This is far from a safe assumption. First of all, as the archaeological literature on households clearly demonstrates, household configurations can change drastically over time (cf. [Ashmore and Wilk 1988,Netting 1989,Wilk and Netting 1984]). Secondly, there is concrete evidence of a significant shift in residential patterns at the end of the Tiwanaku period (ca. 1100 A.D.). Before this time, at least in the southern Titicaca Basin, people lived almost exclusively in sedentary villages. I have referred to this pattern as ``nucleated habitation'' ([Bandy 1999d]:24). After the collapse of Tiwanaku, however, people began to live in small isolated farmsteads. That is, people inhabited small clusters of one or a few households, separated from other such clusters by substantial tracts of uninhabited land, a pattern I have called ``dispersed habitation'' ([Bandy 1999d]:24).[*] This is how the majority of the regional population still lives today. Apparently, therefore, residential patterns changed significantly over time.

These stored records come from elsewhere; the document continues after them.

(* Let $(E,\langle\cdot,\cdot\rangle,\rho,\circ)$ be a pre-Courant algebroid over $M$ with Jacobiator $J$. For every $f\in C^\infty(M)$ and $e_2,e_3\in\Gamma(E)$, $J(\mathcal Df,e_2,e_3)=0$.
   Context: A Courant vector bundle over a smooth manifold $M$ is a vector bundle $E\to M$ with a fibrewise nondegenerate symmetric bilinear form $\langle\cdot,\cdot\rangle$ and a bundle map $\rho:E\to TM$ such that $\rho\circ\rho^*=0$, where $\rho^*:T^*M\to E^*\cong E$ is the dual of $\rho$ followed by the identification $E^*\cong E$ via $\langle\cdot,\cdot\rangle$. A pre-Courant algebroid structure on it is an $\mathbb R$-bilinear operation $\circ$ on $\Gamma(E)$ such that for all $e_1,e_2,e_3\in\Gamma(E)$: (i) $\rho(e_1\circ e_2)=[\rho(e_1),\rho(e_2)]$; (ii) $\langle e_1\circ e_1,e_2\rangle=\frac12\rho(e_2)\langle e_1,e_1\rangle$; (iii) $\rho(e_1)\langle e_2,e_3\rangle=\langle e_1\circ e_2,e_3\rangle+\langle e_2,e_1\circ e_3\rangle$. Define $\mathcal D:C^\infty(M)\to\Gamma(E)$ by $\langle\mathcal Df,e\rangle=\rho(e)f$. The Jacobiator is $J(e_1,e_2,e_3)=e_1\circ(e_2\circ e_3)-(e_1\circ e_2)\circ e_3-e_2\circ(e_1\circ e_3)$. *)

theory Defs
  imports Main "HOL-Analysis.Analysis"
begin

text \<open>
  Points of M form the type 'm; C is the algebra C^\<infinity>(M) of smooth functions
  (a set of real functions on 'm); S is the space \<Gamma>(E) of smooth sections of E,
  realised as maps 'm \<Rightarrow> 'e into a real vector space 'e containing all fibres;
  the fibre E_x is {e x | e \<in> S}.  Smooth vector fields on M are the derivations
  of C (normalised to be 0 outside C so that they are determined by their action on C).
\<close>

definition smooth_algebra :: "('m \<Rightarrow> real) set \<Rightarrow> bool" where
  "smooth_algebra C \<longleftrightarrow> (\<forall>c::real. (\<lambda>x. c) \<in> C) \<and>
     (\<forall>f\<in>C. \<forall>h\<in>C. (\<lambda>x. f x + h x) \<in> C \<and> (\<lambda>x. f x * h x) \<in> C)"

definition is_vector_field ::
  "('m \<Rightarrow> real) set \<Rightarrow> (('m \<Rightarrow> real) \<Rightarrow> ('m \<Rightarrow> real)) \<Rightarrow> bool" where
  "is_vector_field C X \<longleftrightarrow>
     (\<forall>f\<in>C. X f \<in> C) \<and>
     (\<forall>f. f \<notin> C \<longrightarrow> X f = (\<lambda>x. 0)) \<and>
     (\<forall>f\<in>C. \<forall>h\<in>C. \<forall>a b::real. X (\<lambda>x. a * f x + b * h x) = (\<lambda>x. a * X f x + b * X h x)) \<and>
     (\<forall>f\<in>C. \<forall>h\<in>C. X (\<lambda>x. f x * h x) = (\<lambda>x. f x * X h x + h x * X f x))"

definition vf_comb ::
  "('m \<Rightarrow> real) set \<Rightarrow> ('m \<Rightarrow> real) \<Rightarrow> (('m \<Rightarrow> real) \<Rightarrow> ('m \<Rightarrow> real))
     \<Rightarrow> (('m \<Rightarrow> real) \<Rightarrow> ('m \<Rightarrow> real)) \<Rightarrow> (('m \<Rightarrow> real) \<Rightarrow> ('m \<Rightarrow> real))" where
  "vf_comb C a X Y = (\<lambda>f. if f \<in> C then (\<lambda>x. a x * X f x + Y f x) else (\<lambda>x. 0))"

definition lie_bracket ::
  "('m \<Rightarrow> real) set \<Rightarrow> (('m \<Rightarrow> real) \<Rightarrow> ('m \<Rightarrow> real))
     \<Rightarrow> (('m \<Rightarrow> real) \<Rightarrow> ('m \<Rightarrow> real)) \<Rightarrow> (('m \<Rightarrow> real) \<Rightarrow> ('m \<Rightarrow> real))" where
  "lie_bracket C X Y = (\<lambda>f. if f \<in> C then (\<lambda>x. X (Y f) x - Y (X f) x) else (\<lambda>x. 0))"

definition one_form ::
  "('m \<Rightarrow> real) set \<Rightarrow> ((('m \<Rightarrow> real) \<Rightarrow> ('m \<Rightarrow> real)) \<Rightarrow> ('m \<Rightarrow> real)) \<Rightarrow> bool" where
  "one_form C \<xi> \<longleftrightarrow>
     (\<forall>X. is_vector_field C X \<longrightarrow> \<xi> X \<in> C) \<and>
     (\<forall>a\<in>C. \<forall>X Y. is_vector_field C X \<longrightarrow> is_vector_field C Y \<longrightarrow>
        \<xi> (vf_comb C a X Y) = (\<lambda>x. a x * \<xi> X x + \<xi> Y x))"

definition pairing ::
  "('m \<Rightarrow> 'e \<Rightarrow> 'e \<Rightarrow> real) \<Rightarrow> ('m \<Rightarrow> 'e) \<Rightarrow> ('m \<Rightarrow> 'e) \<Rightarrow> ('m \<Rightarrow> real)" where
  "pairing g e1 e2 = (\<lambda>x. g x (e1 x) (e2 x))"

definition fibre :: "('m \<Rightarrow> 'e) set \<Rightarrow> 'm \<Rightarrow> 'e set" where
  "fibre S x = {e x | e. e \<in> S}"

text \<open>\<rho>^*: T^*M \<rightarrow> E^* \<cong> E, at the level of sections: \<rho>^* \<xi> is the section s with
  <s, e> = \<xi>(\<rho> e) for all sections e.\<close>
definition anchor_dual ::
  "('m \<Rightarrow> 'e) set \<Rightarrow> ('m \<Rightarrow> 'e \<Rightarrow> 'e \<Rightarrow> real) \<Rightarrow> (('m \<Rightarrow> 'e) \<Rightarrow> (('m \<Rightarrow> real) \<Rightarrow> ('m \<Rightarrow> real)))
     \<Rightarrow> ((('m \<Rightarrow> real) \<Rightarrow> ('m \<Rightarrow> real)) \<Rightarrow> ('m \<Rightarrow> real)) \<Rightarrow> ('m \<Rightarrow> 'e)" where
  "anchor_dual S g \<rho> \<xi> = (THE s. s \<in> S \<and> (\<forall>e\<in>S. pairing g s e = \<xi> (\<rho> e)))"

definition courant_vector_bundle ::
  "('m \<Rightarrow> real) set \<Rightarrow> ('m \<Rightarrow> 'e::real_vector) set \<Rightarrow> ('m \<Rightarrow> 'e \<Rightarrow> 'e \<Rightarrow> real)
     \<Rightarrow> (('m \<Rightarrow> 'e) \<Rightarrow> (('m \<Rightarrow> real) \<Rightarrow> ('m \<Rightarrow> real))) \<Rightarrow> bool" where
  "courant_vector_bundle C S g \<rho> \<longleftrightarrow>
     smooth_algebra C \<and>
     \<comment> \<open>sections form a C^\<infinity>(M)-module\<close>
     (\<lambda>x. 0) \<in> S \<and>
     (\<forall>e1\<in>S. \<forall>e2\<in>S. (\<lambda>x. e1 x + e2 x) \<in> S) \<and>
     (\<forall>a\<in>C. \<forall>e\<in>S. (\<lambda>x. a x *\<^sub>R e x) \<in> S) \<and>
     \<comment> \<open>fibrewise symmetric bilinear form, nondegenerate on each fibre, smooth\<close>
     (\<forall>x. \<forall>v w. g x v w = g x w v) \<and>
     (\<forall>x. \<forall>u v w. \<forall>a b::real. g x (a *\<^sub>R u + b *\<^sub>R v) w = a * g x u w + b * g x v w) \<and>
     (\<forall>x. \<forall>v\<in>fibre S x. (\<forall>w\<in>fibre S x. g x v w = 0) \<longrightarrow> v = 0) \<and>
     (\<forall>e1\<in>S. \<forall>e2\<in>S. pairing g e1 e2 \<in> C) \<and>
     \<comment> \<open>the anchor is a bundle map E \<rightarrow> TM\<close>
     (\<forall>e\<in>S. is_vector_field C (\<rho> e)) \<and>
     (\<forall>a\<in>C. \<forall>e1\<in>S. \<forall>e2\<in>S. \<rho> (\<lambda>x. a x *\<^sub>R e1 x + e2 x) = vf_comb C a (\<rho> e1) (\<rho> e2)) \<and>
     \<comment> \<open>\<rho>^* exists (E^* \<cong> E via the form)\<close>
     (\<forall>\<xi>. one_form C \<xi> \<longrightarrow> (\<exists>s\<in>S. \<forall>e\<in>S. pairing g s e = \<xi> (\<rho> e))) \<and>
     \<comment> \<open>\<rho> \<circ> \<rho>^* = 0\<close>
     (\<forall>\<xi>. one_form C \<xi> \<longrightarrow> (\<forall>f\<in>C. \<rho> (anchor_dual S g \<rho> \<xi>) f = (\<lambda>x. 0)))"

definition pre_courant_algebroid ::
  "('m \<Rightarrow> real) set \<Rightarrow> ('m \<Rightarrow> 'e::real_vector) set \<Rightarrow> ('m \<Rightarrow> 'e \<Rightarrow> 'e \<Rightarrow> real)
     \<Rightarrow> (('m \<Rightarrow> 'e) \<Rightarrow> (('m \<Rightarrow> real) \<Rightarrow> ('m \<Rightarrow> real)))
     \<Rightarrow> (('m \<Rightarrow> 'e) \<Rightarrow> ('m \<Rightarrow> 'e) \<Rightarrow> ('m \<Rightarrow> 'e)) \<Rightarrow> bool" where
  "pre_courant_algebroid C S g \<rho> circ \<longleftrightarrow>
     courant_vector_bundle C S g \<rho> \<and>
     (\<forall>e1\<in>S. \<forall>e2\<in>S. circ e1 e2 \<in> S) \<and>
     \<comment> \<open>\<real>-bilinearity\<close>
     (\<forall>e1\<in>S. \<forall>e2\<in>S. \<forall>e3\<in>S. \<forall>a b::real.
        circ (\<lambda>x. a *\<^sub>R e1 x + b *\<^sub>R e2 x) e3 = (\<lambda>x. a *\<^sub>R circ e1 e3 x + b *\<^sub>R circ e2 e3 x) \<and>
        circ e3 (\<lambda>x. a *\<^sub>R e1 x + b *\<^sub>R e2 x) = (\<lambda>x. a *\<^sub>R circ e3 e1 x + b *\<^sub>R circ e3 e2 x)) \<and>
     \<comment> \<open>(i)\<close>
     (\<forall>e1\<in>S. \<forall>e2\<in>S. \<rho> (circ e1 e2) = lie_bracket C (\<rho> e1) (\<rho> e2)) \<and>
     \<comment> \<open>(ii)\<close>
     (\<forall>e1\<in>S. \<forall>e2\<in>S. pairing g (circ e1 e1) e2 = (\<lambda>x. (1/2) * \<rho> e2 (pairing g e1 e1) x)) \<and>
     \<comment> \<open>(iii)\<close>
     (\<forall>e1\<in>S. \<forall>e2\<in>S. \<forall>e3\<in>S.
        \<rho> e1 (pairing g e2 e3) = (\<lambda>x. pairing g (circ e1 e2) e3 x + pairing g e2 (circ e1 e3) x))"

definition Dop ::
  "('m \<Rightarrow> 'e) set \<Rightarrow> ('m \<Rightarrow> 'e \<Rightarrow> 'e \<Rightarrow> real) \<Rightarrow> (('m \<Rightarrow> 'e) \<Rightarrow> (('m \<Rightarrow> real) \<Rightarrow> ('m \<Rightarrow> real)))
     \<Rightarrow> ('m \<Rightarrow> real) \<Rightarrow> ('m \<Rightarrow> 'e)" where
  "Dop S g \<rho> f = (THE s. s \<in> S \<and> (\<forall>e\<in>S. pairing g s e = \<rho> e f))"

definition jacobiator ::
  "(('m \<Rightarrow> 'e::real_vector) \<Rightarrow> ('m \<Rightarrow> 'e) \<Rightarrow> ('m \<Rightarrow> 'e)) \<Rightarrow> ('m \<Rightarrow> 'e) \<Rightarrow> ('m \<Rightarrow> 'e) \<Rightarrow> ('m \<Rightarrow> 'e) \<Rightarrow> ('m \<Rightarrow> 'e)" where
  "jacobiator circ e1 e2 e3 =
     (\<lambda>x. circ e1 (circ e2 e3) x - circ (circ e1 e2) e3 x - circ e2 (circ e1 e3) x)"

end

theory Submission
  imports Defs
begin

text \<open>
  The key fact is that \<D>f \<circ> e = 0 for every section e.  Polarising axiom (ii) gives
  <\<D>f \<circ> e, e'> = \<rho>(e')<\<D>f, e> - <e \<circ> \<D>f, e'>, and by (iii) and (i)
  <e \<circ> \<D>f, e'> = \<rho>(e)\<rho>(e')f - \<rho>(e \<circ> e')f = \<rho>(e')\<rho>(e)f = \<rho>(e')<\<D>f, e>;
  nondegeneracy then forces \<D>f \<circ> e = 0.  Every term of J(\<D>f, e2, e3) has \<D>f
  or 0 as an argument of \<circ>, so the Jacobiator vanishes.
\<close>

lemma vector_field_add:
  assumes "is_vector_field C X" "f \<in> C" "h \<in> C"
  shows "X (\<lambda>x. f x + h x) = (\<lambda>x. X f x + X h x)"
proof -
  have "X (\<lambda>x. 1 * f x + 1 * h x) = (\<lambda>x. 1 * X f x + 1 * X h x)"
    using assms unfolding is_vector_field_def by blast
  then show ?thesis by simp
qed

lemma courant_vector_bundleD:
  assumes "courant_vector_bundle C S g \<rho>"
  shows smooth_constant: "\<And>c. (\<lambda>x. c) \<in> C"
    and sections_zero: "(\<lambda>x. 0) \<in> S"
    and sections_add: "\<And>a b. a \<in> S \<Longrightarrow> b \<in> S \<Longrightarrow> (\<lambda>x. a x + b x) \<in> S"
    and sections_smult: "\<And>a e. a \<in> C \<Longrightarrow> e \<in> S \<Longrightarrow> (\<lambda>x. a x *\<^sub>R e x) \<in> S"
    and form_linear: "\<And>x u v w r t. g x (r *\<^sub>R u + t *\<^sub>R v) w = r * g x u w + t * g x v w"
    and form_sym: "\<And>x v w. g x v w = g x w v"
    and form_nondegenerate:
      "\<And>x v. v \<in> fibre S x \<Longrightarrow> (\<And>w. w \<in> fibre S x \<Longrightarrow> g x v w = 0) \<Longrightarrow> v = 0"
    and pairing_smooth: "\<And>a b. a \<in> S \<Longrightarrow> b \<in> S \<Longrightarrow> pairing g a b \<in> C"
    and anchor_vector_field: "\<And>e. e \<in> S \<Longrightarrow> is_vector_field C (\<rho> e)"
    and anchor_dual_exists: "\<And>\<xi>. one_form C \<xi> \<Longrightarrow> \<exists>s\<in>S. \<forall>e\<in>S. pairing g s e = \<xi> (\<rho> e)"
  using assms unfolding courant_vector_bundle_def smooth_algebra_def by auto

However, there is some evidence that while residential patterns shifted from nucleated to dispersed, the configuration of the actual household remained consistent. At present, local residents live as do most Aymara communities in the Bolivian highlands. A single family group - a married couple together with unmarried children and frequently with elderly relatives - will inhabit a small compound of structures (perhaps 3-5 rooms altogether), often enclosed by an adobe wall, and separated from other such compounds by cultivated fields (cf. [Arnold 1988], Chapter 9).[*] Figure 4.1 is a schematic representation of a typical residential compound. Each of these compounds is adjacent to outdoor activity areas - much of the daily work of the household takes place out of doors - where activities such as threshing, chuño processing, weaving and so on take place. There are no well-defined middens, and this entire inhabited area contains a sufficient density of cultural material to qualify as a ``site'' according to my working definition.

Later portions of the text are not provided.